Collected data entries
------------------------------------------------------------
lemma to1_silver_tree_of: "to1 (silver_tree_of u) i = silver_tree_of (to1_seq u i)"
proof (intro set_eqI)
  fix t
  have branch: "u 0 @ i # t' \<in> silver_tree_of (to1_seq u i) \<longleftrightarrow>
      t' \<in> silver_tree_of (u \<circ> Suc)" for t'
  proof -
    have "(to1_seq u i)(0 := u 1) = u \<circ> Suc"
      by (simp add: fun_eq_iff to1_seq_def split: nat.split)
    then show ?thesis using append_mem_silver_tree_of_iff[of "to1_seq u i" "u 0 @ [i]" "u 1" t']
      by simp
  qed
  consider "prefix t (u 0 @ [i])" | t' where "t = u 0 @ i # t'"
    | "\<not> prefix t (u 0 @ [i])" "\<not> prefix (u 0 @ [i]) t"
    by (auto simp: prefix_def)
  then show "t \<in> to1 (silver_tree_of u) i \<longleftrightarrow> t \<in> silver_tree_of (to1_seq u i)"
  proof cases
    case 1
    then have "t \<in> silver_tree_of u" "t \<in> silver_tree_of (to1_seq u i)"
      by (auto intro: silver_tree_of_prefix_closed stem_snoc_mem_silver_tree_of
          prefix_stem_mem_silver_tree_of prefix_order.trans)
    with 1 show ?thesis by (simp add: to1_def restr_def stem_silver_tree_of)
  next
    case 2
    then show ?thesis
      by (simp add: to1_def restr_def stem_silver_tree_of branch branch_mem_silver_tree_of_iff)
  next
    case 3
    have "t \<notin> silver_tree_of (to1_seq u i)"
    proof
      assume "t \<in> silver_tree_of (to1_seq u i)"
      then have "prefix t (u 0 @ i # u 1) \<or> prefix (u 0 @ i # u 1) t"
        using mem_silver_tree_of_comparable_stem[of t "to1_seq u i"] by simp
      moreover have "prefix (u 0 @ [i]) (u 0 @ i # u 1)" by simp
      ultimately show False using 3 prefix_same_cases prefix_order.trans by blast
    qed
    with 3 show ?thesis by (simp add: to1_def restr_def stem_silver_tree_of)
  qed
qed

lemma to_Nil [simp]: "to T [] = T"
  by (simp add: to_def)

lemma to_Cons [simp]: "to T (i # s) = to (to1 T i) s"
  by (simp add: to_def)

lemma to_silver_tree_of: "to (silver_tree_of u) s = silver_tree_of (to_seq u s)"
  by (induction s arbitrary: u) (simp_all add: to1_silver_tree_of)

lemma restr_subset: "restr T a \<subseteq> T"
  by (auto simp: restr_def)

lemma restr_restr: "prefix a b \<Longrightarrow> restr (restr T a) b = restr T b"
  unfolding restr_def using prefix_same_cases prefix_order.trans by blast

lemma restr_mono: "T' \<subseteq> T \<Longrightarrow> prefix a b \<Longrightarrow> restr T' b \<subseteq> restr T a"
  unfolding restr_def using prefix_same_cases prefix_order.trans by blast

lemma restr_stem_silver_tree_of: "restr (silver_tree_of u) (u 0) = silver_tree_of u"
  using mem_silver_tree_of_comparable_stem by (auto simp: restr_def)

lemma to_subset: "to T s \<subseteq> T"
proof (induction s arbitrary: T)
  case (Cons i s)
  then show ?case using restr_subset[of T] by (auto simp: to1_def)
qed simp

lemma prefix_stem_to_seq: "prefix (u 0) (to_seq u s 0)"
proof (induction s arbitrary: u)
  case (Cons i s)
  then show ?case using Cons.IH[of "to1_seq u i"] by (auto dest: append_prefixD)
qed simp

lemma to_eq_restr: "to (silver_tree_of u) s = restr (silver_tree_of u) (to_seq u s 0)"
proof (induction s arbitrary: u)
  case Nil
  then show ?case by (simp add: restr_stem_silver_tree_of)
next
  case (Cons i s)
  have "prefix (u 0 @ [i]) (to_seq (to1_seq u i) s 0)"
    using prefix_stem_to_seq[of "to1_seq u i" s] append_prefixD[of "u 0 @ [i]" "u 1"] by simp
  then show ?case using Cons.IH[of "to1_seq u i"]
    by (simp add: to1_silver_tree_of[symmetric] to1_def stem_silver_tree_of restr_restr)
qed

lemma to_seq_Suc: "to_seq u s (Suc k) = u (length s + Suc k)"
  by (induction s arbitrary: u) simp_all

lemma to_seq_eq_fun_upd_0:
  assumes "length s = length s'"
  shows "to_seq u s' = (to_seq u s)(0 := to_seq u s' 0)"
proof
  fix k
  show "to_seq u s' k = ((to_seq u s)(0 := to_seq u s' 0)) k"
    using assms by (cases k) (simp_all add: to_seq_Suc)
qed

lemma length_to_seq:
  assumes "\<And>k. length (u k) = length (u' k)" and "length s = length s'"
  shows "length (to_seq u s k) = length (to_seq u' s' k)"
  using assms
proof (induction s arbitrary: s' u u' k)
  case (Cons i s)
  then obtain j s'' where "s' = j # s''" "length s = length s''"
    by (cases s') auto
  moreover have "length (to1_seq u i k) = length (to1_seq u' j k)" for k
    using Cons.prems(1) by (cases k) simp_all
  ultimately show ?case using Cons.IH by simp
qed simp

lemma to_seq_0_append:
  assumes "\<And>k. k < length s \<Longrightarrow> v k = u k" and "v (length s) = u (length s) @ r"
  shows "to_seq v s 0 = to_seq u s 0 @ r"
  using assms
proof (induction s arbitrary: u v)
  case (Cons i s)
  have "to1_seq v i k = to1_seq u i k" if "k < length s" for k
    using Cons.prems(1) that by (cases k) simp_all
  moreover have "to1_seq v i (length s) = to1_seq u i (length s) @ r"
    using Cons.prems by (cases "length s") simp_all
  ultimately show ?case using Cons.IH by simp
qed simp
------------------------------------------------------------
■ Task statement ■
Line count for the word "longleftrightarrow": tally the lines in the records that include it and give only the result.

■ Response area ■
2